Goal of the exercise ▸ Write out the records once more, exactly as given.

Material provided ▸
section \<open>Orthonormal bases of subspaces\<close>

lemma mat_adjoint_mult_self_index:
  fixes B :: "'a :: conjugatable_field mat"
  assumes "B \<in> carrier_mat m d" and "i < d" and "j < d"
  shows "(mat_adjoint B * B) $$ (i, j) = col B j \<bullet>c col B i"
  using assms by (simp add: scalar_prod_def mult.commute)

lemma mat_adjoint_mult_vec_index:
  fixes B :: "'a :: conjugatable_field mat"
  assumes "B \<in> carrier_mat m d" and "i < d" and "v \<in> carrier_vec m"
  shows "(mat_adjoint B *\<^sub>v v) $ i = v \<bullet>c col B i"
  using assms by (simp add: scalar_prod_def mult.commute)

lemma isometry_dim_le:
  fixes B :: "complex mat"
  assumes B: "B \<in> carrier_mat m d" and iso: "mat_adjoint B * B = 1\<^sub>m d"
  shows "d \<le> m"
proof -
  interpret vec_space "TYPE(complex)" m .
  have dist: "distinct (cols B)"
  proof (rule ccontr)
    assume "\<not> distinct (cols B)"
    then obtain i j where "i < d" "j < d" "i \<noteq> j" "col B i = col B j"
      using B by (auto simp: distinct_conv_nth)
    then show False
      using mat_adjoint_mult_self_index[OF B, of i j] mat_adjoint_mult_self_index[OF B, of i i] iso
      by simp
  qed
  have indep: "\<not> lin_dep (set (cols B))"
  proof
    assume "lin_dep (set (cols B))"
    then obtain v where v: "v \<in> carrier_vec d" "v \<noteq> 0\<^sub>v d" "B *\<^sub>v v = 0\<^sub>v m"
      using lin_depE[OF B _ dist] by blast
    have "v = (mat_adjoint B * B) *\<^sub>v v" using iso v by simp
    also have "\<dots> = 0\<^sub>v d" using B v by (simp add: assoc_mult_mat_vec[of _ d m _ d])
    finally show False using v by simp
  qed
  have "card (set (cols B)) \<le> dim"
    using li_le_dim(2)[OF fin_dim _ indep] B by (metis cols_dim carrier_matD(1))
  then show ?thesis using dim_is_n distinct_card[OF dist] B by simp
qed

Written answer ▸
section \<open>Orthonormal bases of subspaces\<close>

lemma mat_adjoint_mult_self_index:
  fixes B :: "'a :: conjugatable_field mat"
  assumes "B \<in> carrier_mat m d" and "i < d" and "j < d"
  shows "(mat_adjoint B * B) $$ (i, j) = col B j \<bullet>c col B i"
  using assms by (simp add: scalar_prod_def mult.commute)

lemma mat_adjoint_mult_vec_index:
  fixes B :: "'a :: conjugatable_field mat"
  assumes "B \<in> carrier_mat m d" and "i < d" and "v \<in> carrier_vec m"
  shows "(mat_adjoint B *\<^sub>v v) $ i = v \<bullet>c col B i"
  using assms by (simp add: scalar_prod_def mult.commute)

lemma isometry_dim_le:
  fixes B :: "complex mat"
  assumes B: "B \<in> carrier_mat m d" and iso: "mat_adjoint B * B = 1\<^sub>m d"
  shows "d \<le> m"
proof -
  interpret vec_space "TYPE(complex)" m .
  have dist: "distinct (cols B)"
  proof (rule ccontr)
    assume "\<not> distinct (cols B)"
    then obtain i j where "i < d" "j < d" "i \<noteq> j" "col B i = col B j"
      using B by (auto simp: distinct_conv_nth)
    then show False
      using mat_adjoint_mult_self_index[OF B, of i j] mat_adjoint_mult_self_index[OF B, of i i] iso
      by simp
  qed
  have indep: "\<not> lin_dep (set (cols B))"
  proof
    assume "lin_dep (set (cols B))"
    then obtain v where v: "v \<in> carrier_vec d" "v \<noteq> 0\<^sub>v d" "B *\<^sub>v v = 0\<^sub>v m"
      using lin_depE[OF B _ dist] by blast
    have "v = (mat_adjoint B * B) *\<^sub>v v" using iso v by simp
    also have "\<dots> = 0\<^sub>v d" using B v by (simp add: assoc_mult_mat_vec[of _ d m _ d])
    finally show False using v by simp
  qed
  have "card (set (cols B)) \<le> dim"
    using li_le_dim(2)[OF fin_dim _ indep] B by (metis cols_dim carrier_matD(1))
  then show ?thesis using dim_is_n distinct_card[OF dist] B by simp
qed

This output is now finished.